Do as I say, Adelaide, and restore me.

It is all the spirit Queen whispers before the candle flickers and the air warms. Marie Antoinette is gone back into the ether. Lenormand wonders if she is with her friend Princess Lamballe on the other side. She thinks of times past, playing cards with the Queen and dear Luisa Lamballe in the Tuileries Palace before the fall of the monarchy.

With an aching heart, Lenormand returns her attention to the impatient men and pulls two more cards to make up a row of seven, surveying the spread before sharing the information revealed to her.

‘You travel apart not together, and you must bring many soldiers with you,’ she tells them. ‘You sail at night by the light of the moon.’

‘But what of Traitre?’ Humbert asks. ‘Who will betray us?’

Lenormand looks at the two men. Indeed, the reek of death is close about Wolfe Tone, though his eyes gleam bright with the vision of the future he wishes so hard for. Should she tell him of his death less than a year from now? She has told men of their deaths many times before. Will she warn Wolfe Tone that his comrade Humbert will abandon him at his hour of need? She has predicted the fortunes of enough radicals – Robespierre, Marat and Saint-Just among them – to know that such men do not last long in their world of changing allegiances. Besides, Marie Antoinette has lit a fire in her heart now. Let Wolfe Tone be blissful in his ignorance, for he will never turn from his fate, even if she warns him, and she needs to get to Ireland. As Wolfe Tone the Irishman will be betrayed by Humbert the Frenchman, so she, a Frenchwoman, was betrayed by de Luna, an Irishwoman. This, then, is why she felt such dread before the men arrived. Her peace is about to be disrupted, and yet again because of her: Mademoiselle de Luna.

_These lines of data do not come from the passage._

lemma minimal_in_coset_inversion_delta_pos:
  assumes "\<delta> \<in> S" "set gs \<subseteq> S" "weyl_length S (compose_refl gs) = length gs" "k < length gs"
    and coset: "compose_refl gs \<in> left_coset w (parabolic_weyl S \<delta>)"
    and minimal: "\<forall>\<psi>\<in>left_coset w (parabolic_weyl S \<delta>). weyl_length S (compose_refl gs) \<le> weyl_length S \<psi>"
  shows "0 < representation S (compose_refl (rev (drop (Suc k) gs)) (gs ! k)) \<delta>"
proof (rule ccontr)
  define \<psi> where "\<psi> = compose_refl (rev (drop (Suc k) gs)) (gs ! k)"
  assume "\<not> 0 < representation S (compose_refl (rev (drop (Suc k) gs)) (gs ! k)) \<delta>"
  moreover have pos: "\<psi> \<in> pos_roots R S"
    unfolding \<psi>_def using reduced_word_inversion_pos[OF assms(2-4)] .
  ultimately have "representation S \<psi> \<delta> = 0"
    using representation_pos_root_nonneg[OF pos assms(1)] by (simp add: \<psi>_def)
  then have "compose_refl gs \<circ> refl \<psi> \<in> left_coset w (parabolic_weyl S \<delta>)"
    using coset refl_in_parabolic_weyl[OF assms(1) pos] unfolding parabolic_weyl_def
    by (intro left_coset_gen_group_comp)
  then have "weyl_length S (compose_refl gs) \<le> weyl_length S (compose_refl gs \<circ> refl \<psi>)"
    by (rule bspec[OF minimal])
  also have "compose_refl gs \<circ> refl \<psi> = compose_refl (take k gs @ drop (Suc k) gs)"
    unfolding \<psi>_def
    by (subst (1) id_take_nth_drop[OF assms(4)]) (rule compose_refl_comp_refl_inversion)
  also have "weyl_length S \<dots> \<le> length (take k gs @ drop (Suc k) gs)"
    using assms(2) set_take_subset[of k gs] set_drop_subset[of "Suc k" gs]
    by (intro weyl_length_le) auto
  finally show False
    using assms(3,4) by simp
qed

end

(* For the simple root delta of varpi these are the roots of the unipotent radical of P_varpi. *)
definition radical_roots :: "'a::euclidean_space set \<Rightarrow> 'a set \<Rightarrow> 'a \<Rightarrow> 'a set" where
  "radical_roots R S \<delta> = {p \<in> pos_roots R S. 0 < representation S p \<delta>}"

locale minuscule_root_system = based_root_system +
  fixes \<delta> \<omega> :: "'a::euclidean_space"
  assumes simply_laced: "simply_laced R" and minuscule: "minuscule_fund_weight R S \<delta> \<omega>"
begin

lemma minuscule_simple_root: "\<delta> \<in> S"
  using minuscule by (simp add: minuscule_fund_weight_def)

lemma inner_minuscule_weight: "v \<bullet> \<omega> = representation S v \<delta> * (\<delta> \<bullet> \<delta> / 2)"
proof -
  have weight: "g \<bullet> \<omega> = (if g = \<delta> then \<delta> \<bullet> \<delta> / 2 else 0)" if "g \<in> S" for g
    using minuscule that inner_root_pos[of g] simple_roots_subset
    by (auto simp: minuscule_fund_weight_def cpair_def field_simps)
  have "v \<bullet> \<omega> = (\<Sum>g\<in>S. representation S v g * (g \<bullet> \<omega>))"
    by (subst (1) sum_representation[symmetric]) (simp add: inner_sum_left)
  also have "\<dots> = (\<Sum>g\<in>S. if g = \<delta> then representation S v \<delta> * (\<delta> \<bullet> \<delta> / 2) else 0)"
    using weight by (intro sum.cong) auto
  finally show ?thesis
    using finite_simple_roots minuscule_simple_root by simp
qed

lemma cpair_minuscule_weight:
  "v \<bullet> v = \<delta> \<bullet> \<delta> \<Longrightarrow> cpair v \<omega> = representation S v \<delta>"
  using inner_root_pos[of \<delta>] minuscule_simple_root simple_roots_subset
  by (auto simp: cpair_def inner_minuscule_weight)
(* Let $\ell\ge2$ be an integer and $d=2^\ell-1$. Then the $d$-dimensional hypercube $Q_d$ has a spanning 2-connected subgraph $H$ with $\mathsf{tvc}(H)\le 2\,(2^{d-\ell}+2^{d/2-\ell})$.
   Context: $Q_d$ is the graph on $\{0,1\}^d$ in which two vectors are adjacent iff they differ in exactly one coordinate. A total vertex cover of a graph $H$ is a set $S\subseteq V(H)$ that is a vertex cover (every edge has an endpoint in $S$) and a total dominating set (every vertex of $H$, including those in $S$, has a neighbour in $S$); $\mathsf{tvc}(H)$ is the minimum size of a total vertex cover. *)

theory Defs
  imports Complex_Main
begin

text \<open>The hypercube Q_d: vertices are the 0/1-vectors of length d, encoded as
subsets of the coordinate set {0..<d} (the support of the vector); two vertices
are adjacent iff they differ in exactly one coordinate.\<close>

definition cube_verts :: "nat \<Rightarrow> nat set set" where
  "cube_verts d = Pow {..<d}"

definition cube_edges :: "nat \<Rightarrow> nat set set set" where
  "cube_edges d = {{x, y} | x y. x \<in> cube_verts d \<and> y \<in> cube_verts d
                       \<and> card ((x - y) \<union> (y - x)) = 1}"

definition spanning_subgraph_of_cube :: "nat \<Rightarrow> nat set set \<Rightarrow> nat set set set \<Rightarrow> bool" where
  "spanning_subgraph_of_cube d V E \<longleftrightarrow> V = cube_verts d \<and> E \<subseteq> cube_edges d"

definition connected_on :: "'a set set \<Rightarrow> 'a set \<Rightarrow> bool" where
  "connected_on E W \<longleftrightarrow> W \<noteq> {} \<and>
     (\<forall>u\<in>W. \<forall>v\<in>W. (\<lambda>a b. {a, b} \<in> E \<and> a \<in> W \<and> b \<in> W)\<^sup>*\<^sup>* u v)"

definition two_connected :: "'a set \<Rightarrow> 'a set set \<Rightarrow> bool" where
  "two_connected V E \<longleftrightarrow> finite V \<and> card V \<ge> 3 \<and> connected_on E V \<and>
     (\<forall>v\<in>V. connected_on E (V - {v}))"

definition is_tvc :: "'a set \<Rightarrow> 'a set set \<Rightarrow> 'a set \<Rightarrow> bool" where
  "is_tvc V E S \<longleftrightarrow> S \<subseteq> V \<and> (\<forall>e\<in>E. e \<inter> S \<noteq> {}) \<and>
     (\<forall>v\<in>V. \<exists>u\<in>S. {v, u} \<in> E \<and> u \<noteq> v)"

definition tvc :: "'a set \<Rightarrow> 'a set set \<Rightarrow> nat" where
  "tvc V E = (LEAST k. \<exists>S. is_tvc V E S \<and> card S = k)"

end

theory Submission
  imports Defs
begin

(*
  Let m = 2^k - 1, so that d = 2m + 1 and l = k + 1, and read a vertex of Q_d as a triple
  (x, b, y) of x, y in Q_m and a middle bit b.  The Hamming code C of length m is perfect: the
  Hamming balls of radius 1 around its words partition Q_m.  Let S consist of all (x, b, y) with
  x + y in C, together with the set obtained recursively for Q_m (placed on the x-coordinates),
  and let H consist of all cube edges meeting S.  Every vertex has a neighbour in S (flip one
  coordinate of x if x + y is not a codeword, flip b otherwise), so S is a total vertex cover of H.
  The new part of S has 2^(m+1) |C| = 2^(d-l+1) elements, and the recursive remainder is a sum of
  lower-order terms bounded by (8/7) 2^(m-k) <= 2 * 2^(d/2 - l).

  H is 2-connected by induction on k.  After deleting a vertex z, each fibre x + y = u, u in C,
  stays connected through moves flipping b, or x_i and y_i together, all of whose endpoints lie
  in S.  Fibres over codewords near a common vertex of the recursive set are joined through
  that vertex, and the induction hypothesis (for the lower graph minus z) links all fibres.
*)

section \<open>Flips and Hamming distance\<close>

definition flip :: "nat set \<Rightarrow> nat \<Rightarrow> nat set" where
  "flip A j = (if j \<in> A then A - {j} else insert j A)"

definition hamming_dist :: "nat set \<Rightarrow> nat set \<Rightarrow> nat" where
  "hamming_dist A B = card (sym_diff A B)"

lemma mem_flip [simp]: "x \<in> flip A j \<longleftrightarrow> (x = j) \<noteq> (x \<in> A)"
  by (auto simp: flip_def)

lemma flip_flip [simp]: "flip (flip A j) j = A"
  by auto

lemma flip_neq [simp]: "flip A j \<noteq> A" "A \<noteq> flip A j"
  by (auto simp: set_eq_iff)

lemma flip_eq_flip_iff [simp]: "flip A i = flip A j \<longleftrightarrow> i = j"
  by (auto simp: set_eq_iff)

lemma flip_commute: "flip (flip A i) j = flip (flip A j) i"
  by auto

lemma flip_subset: "A \<subseteq> {..<n} \<Longrightarrow> j < n \<Longrightarrow> flip A j \<subseteq> {..<n}"
  by auto

lemma finite_flip [simp]: "finite (flip A j) = finite A"
  by (simp add: flip_def)

lemma odd_card_flip:
  assumes "finite A"
  shows "odd (card (flip A j)) \<longleftrightarrow> even (card A)"
proof (cases "j \<in> A")
  case True
  with assms have "card A = Suc (card (A - {j}))"
    by (rule card_Suc_Diff1[symmetric])
  with True show ?thesis
    by (simp add: flip_def)
qed (simp add: flip_def assms)

lemma flip_avoids:
  assumes "i \<noteq> j"
  obtains k where "k \<in> {i, j}" "flip A k \<noteq> z"
  using assms by (metis flip_eq_flip_iff insertCI)

lemma hamming_dist_commute: "hamming_dist A B = hamming_dist B A"
  by (simp add: hamming_dist_def Un_commute)

lemma hamming_dist_self [simp]: "hamming_dist A A = 0"
  by (simp add: hamming_dist_def)

lemma hamming_dist_flip_self [simp]: "hamming_dist A (flip A j) = 1"
proof -
  have "sym_diff A (flip A j) = {j}"
    by auto
  then show ?thesis
    by (simp add: hamming_dist_def)
qed

lemma hamming_dist_triangle:
  assumes "finite A" "finite B" "finite C"
  shows "hamming_dist A C \<le> hamming_dist A B + hamming_dist B C"
proof -
  have "hamming_dist A C \<le> card (sym_diff A B \<union> sym_diff B C)"
    unfolding hamming_dist_def using assms by (intro card_mono) auto
  also have "\<dots> \<le> hamming_dist A B + hamming_dist B C"
    unfolding hamming_dist_def by (rule card_Un_le)
  finally show ?thesis .
qed

lemma hamming_dist_flip_less:
  assumes "finite A" "finite B" "j \<in> sym_diff A B"
  shows "hamming_dist (flip A j) B < hamming_dist A B"
proof -
  have "sym_diff (flip A j) B = sym_diff A B - {j}"
    using assms(3) by auto
  moreover have "finite (sym_diff A B)"
    using assms(1,2) by simp
  ultimately show ?thesis
    unfolding hamming_dist_def using assms(3) by (simp only: card_Diff1_less)
qed

lemma hamming_dist_le_1E:
  assumes "hamming_dist A B \<le> 1" "finite A" "finite B"
  obtains "B = A" | j where "j \<in> sym_diff A B" "B = flip A j"
proof (cases "A = B")
  case False
  then have "sym_diff A B \<noteq> {}"
    by blast
  then have "card (sym_diff A B) \<noteq> 0"
    using assms(2,3) by simp
  with assms(1) have "card (sym_diff A B) = 1"
    by (simp add: hamming_dist_def)
  then obtain j where j: "sym_diff A B = {j}"
    by (auto simp: card_Suc_eq)
  then have "(x \<in> A) \<noteq> (x \<in> B) \<longleftrightarrow> x = j" for x
    by blast
  then have "B = flip A j"
    by (intro set_eqI) (metis mem_flip)
  with j that show ?thesis
    by blast
qed (use that in blast)

lemma cube_edge_flip:
  assumes "A \<subseteq> {..<n}" "j < n"
  shows "{A, flip A j} \<in> cube_edges n"
  using assms flip_subset[OF assms] hamming_dist_flip_self[of A j]
  unfolding cube_edges_def cube_verts_def hamming_dist_def by blast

Of course, she was behind the disappearance of the true King of France.

Hatred surges through Lenormand, and she realises that her desire for revenge is greater than her need for peace.

Humbert coughs, and she looks up at him. He is surveying her face, and she finds his expression pleasing. He doubts the truth in the cards, for he is a pragmatist. He does not trust her. This is a quality she admires. Most importantly, she doesn’t see the hand of death upon his shoulder. This is the man who will help her.

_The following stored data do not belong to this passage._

lemma measure_sq_le_energy:
  assumes "\<epsilon> \<in> {0<..\<epsilon>s}" and sol: "weak_neumann_sol C S0 \<epsilon> U G"
  shows "(measure lebesgue (S0 \<inter> {x. x$1 < 0}))\<^sup>2
    \<le> measure lebesgue C * energy (Omega_eps C S0 \<epsilon>) G"
proof -
  define \<Omega> where "\<Omega> = Omega_eps C S0 \<epsilon>"
  define Sm where "Sm = S_eps S0 \<epsilon> \<inter> {x. x$1 < 0}"
  obtain \<Phi> \<Phi>' where \<Phi>: "C1c \<Phi> \<Phi>'" and \<Phi>'_on_C: "\<And>x v. x \<in> C \<Longrightarrow> \<Phi>' x v = v$2"
    using C1c_eq_component2_on_bounded[OF bounded_C] by blast
  have subsets: "\<Omega> \<subseteq> C" "Sm \<subseteq> C"
    using S_eps_subset[OF assms(1)] by (auto simp: \<Omega>_def Sm_def Omega_eps_def)
  have meas: "\<Omega> \<in> lmeasurable" "Sm \<in> lmeasurable" "C \<in> lmeasurable"
    unfolding \<Omega>_def Sm_def using bounded_C open_C compact_S0
    by (auto intro: lmeasurable_Omega_eps lmeasurable_half_solid lmeasurable_open)
  have "measure lebesgue (S0 \<inter> {x. x$1 < 0}) = 1 * measure lebesgue Sm"
    by (simp add: Sm_def measure_half_solid)
  also have "\<dots> \<le> integral\<^sup>L (lebesgue_on Sm) (\<lambda>x. \<Phi>' x e2)"
  proof (rule indicator_le_integral_lebesgue_on[OF meas(2) fmeasurableD[OF meas(2)] order_refl])
    show "integrable (lebesgue_on Sm) (\<lambda>x. \<Phi>' x e2)"
      using \<Phi> meas(2) subsets \<Phi>'_on_C unfolding C1c_def
      by (intro integrable_lebesgue_on_bounded_continuous[where B=1]) (auto intro: continuous_on_subset)
  qed (use subsets \<Phi>'_on_C in auto)
  finally have "(measure lebesgue (S0 \<inter> {x. x$1 < 0}))\<^sup>2 \<le> (integral\<^sup>L (lebesgue_on Sm) (\<lambda>x. \<Phi>' x e2))\<^sup>2"
    by (intro power_mono) auto
  also have "\<dots> \<le> integral\<^sup>L (lebesgue_on \<Omega>) (\<lambda>x. 1\<^sup>2) * energy \<Omega> G"
    unfolding Sm_def \<Omega>_def
  proof (rule flux_sq_le_energy[OF sol \<Phi>])
    show "\<bar>\<Phi>' x v\<bar> \<le> 1 * norm v" if "x \<in> Omega_eps C S0 \<epsilon>" for x v
      using that subsets \<Phi>'_on_C component_le_norm_cart[of v 2] by (auto simp: \<Omega>_def)
  qed (use meas(1) in \<open>auto simp: \<Omega>_def finite_measure.integrable_const finite_measure_lebesgue_on\<close>)
  also have "\<dots> \<le> measure lebesgue C * energy \<Omega> G"
  proof (rule mult_right_mono)
    show "integral\<^sup>L (lebesgue_on \<Omega>) (\<lambda>x. 1\<^sup>2) \<le> measure lebesgue C"
      using integral_lebesgue_on_le_indicator[OF meas(1) meas(3), of 1 "\<lambda>x. 1\<^sup>2"] subsets meas(1)
      by (auto simp: finite_measure.integrable_const finite_measure_lebesgue_on subset_iff
          simp del: integral_const)
    show "0 \<le> energy \<Omega> G" by (rule energy_nonneg)
  qed
  finally show ?thesis unfolding \<Omega>_def .
qed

‘Strike now,’ she tells the two men. ‘Ireland must be saved.’

Wolfe Tone’s chest puffs with satisfaction. ‘It is as I told you, Humbert. The United Irishmen are rising up in a great rebellion. Are you with me?’

The Frenchman nods, although he chews his lip in thought. Lenormand wonders how she will persuade this man to take her in his warship across the ocean to Ireland – a country she heard so much about from the lips of her old fortune-telling partner, the place de Luna loved above all people, as she ultimately proved so terribly. There on that little green rock, the future King of France is hidden. She will do as her Queen bids her and bring the boy back home. Lenormand has always known there will be another King of France.

Conviction blazes through her, and she presses her hands together to stop them from shaking. She will find the boy, and together they will right the wrongs done to the Queen. But more than that, she will find out what happened to de Luna, and if she is not dead already, Lenormand will make certain her life does not last long.